The European Commission yesterday took the first step in reforming its contentious banana import regime, unveiling three options in a move aimed at ending punitive US sanctions worth $191 million a year.
The EU's efforts to overhaul its arrangements for importing bananas follow a ruling last month by the World Trade Organisation which said the bloc's regime breached global trading rules.
The Commission said it was ready to reform its banana policy quickly to bring it in line with the WTO ruling.
But it warned that finding a solution which was acceptable to the United States and major Latin American growers and also respected its obligations to poor Caribbean farmers would be difficult and time-consuming.
EU officials said the option most likely to be acceptable to all parties involved a two-tier tariff system which would levy different duties on bananas depending on their origin.
Within a quota, which is as yet unspecified, bananas from ACP (African, Caribbean and Pacific) countries would be granted access at zero duty while Latin American fruit would attract a tariff of between 75 and 737 euros per tonne.

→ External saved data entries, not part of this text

lemma sfD_vfield_power:
  assumes p: "is_even_fls p" and m: "is_odd_fls m" and q: "is_even_fls q" and pq: "ddz p = q + q"
  shows "sfD ((vfield p m q ^^ k) zvar) = (\<Sum>i\<le>k. sscale (of_nat (k choose i))
           (stimes ((vfield p m q ^^ i) thvar) (sfD ((vfield p m q ^^ (k - i)) thvar))))"
proof (induction k)
  case 0
  then show ?case
    by (simp add: sfD_zvar sfD_thvar stimes_thvar_one)
next
  case (Suc k)
  let ?Y = "vfield p m q" and ?h = "vfield_defect m q"
  have commute: "sfD (?Y G) = ?Y (sfD G) + stimes ?h (sfD G)" for G
    by (rule sfD_vfield[OF q pq])
  have step: "?Y (stimes ((?Y ^^ i) thvar) (sfD ((?Y ^^ (k - i)) thvar))) +
        stimes ?h (stimes ((?Y ^^ i) thvar) (sfD ((?Y ^^ (k - i)) thvar)))
      = stimes ((?Y ^^ Suc i) thvar) (sfD ((?Y ^^ (k - i)) thvar)) +
        stimes ((?Y ^^ i) thvar) (sfD ((?Y ^^ (Suc k - i)) thvar))"
    if "i \<le> k" for i
  proof -
    have "Suc k - i = Suc (k - i)"
      using that by simp
    then show ?thesis
      using commute stimes_even_left_commute[OF is_even_sfun_vfield_defect[OF q m]]
      by (simp add: vfield_stimes[OF p m q] stimes_add_right add.assoc)
  qed
  have "sfD ((?Y ^^ Suc k) zvar) = ?Y (sfD ((?Y ^^ k) zvar)) + stimes ?h (sfD ((?Y ^^ k) zvar))"
    by (simp add: commute)
  also have "\<dots> = (\<Sum>i\<le>k. sscale (of_nat (k choose i))
      (?Y (stimes ((?Y ^^ i) thvar) (sfD ((?Y ^^ (k - i)) thvar))) +
       stimes ?h (stimes ((?Y ^^ i) thvar) (sfD ((?Y ^^ (k - i)) thvar)))))"
    unfolding Suc.IH
    by (simp add: vfield_sum vfield_sscale stimes_sum_right stimes_sscale_right sscale_add sum.distrib)
  also have "\<dots> = (\<Sum>i\<le>k. sscale (of_nat (k choose i))
      (stimes ((?Y ^^ Suc i) thvar) (sfD ((?Y ^^ (k - i)) thvar)) +
       stimes ((?Y ^^ i) thvar) (sfD ((?Y ^^ (Suc k - i)) thvar))))"
    by (rule sum.cong) (simp_all add: step)
  also have "\<dots> = (\<Sum>i\<le>Suc k. sscale (of_nat (Suc k choose i))
      (stimes ((?Y ^^ i) thvar) (sfD ((?Y ^^ (Suc k - i)) thvar))))"
    by (rule sum_sscale_pascal[where g = "\<lambda>i j. stimes ((?Y ^^ i) thvar) (sfD ((?Y ^^ j) thvar))"])
  finally show ?case .
qed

Latin American bananas would also continue to be imported under a 2.2 million tonne quota with a duty of 75 euros a tonne.
But officials acknowledged that even this option may not fully satisfy Washington and was unlikely to be accepted if the EU pitched the tariff for non-ACP bananas too high.
The second option involved abolishing quotas altogether and applying a high flat-rate tariff. The third alternative, likely to be favoured by ACP countries, maintained the Latin American quota but scrapped limits on ACP bananas.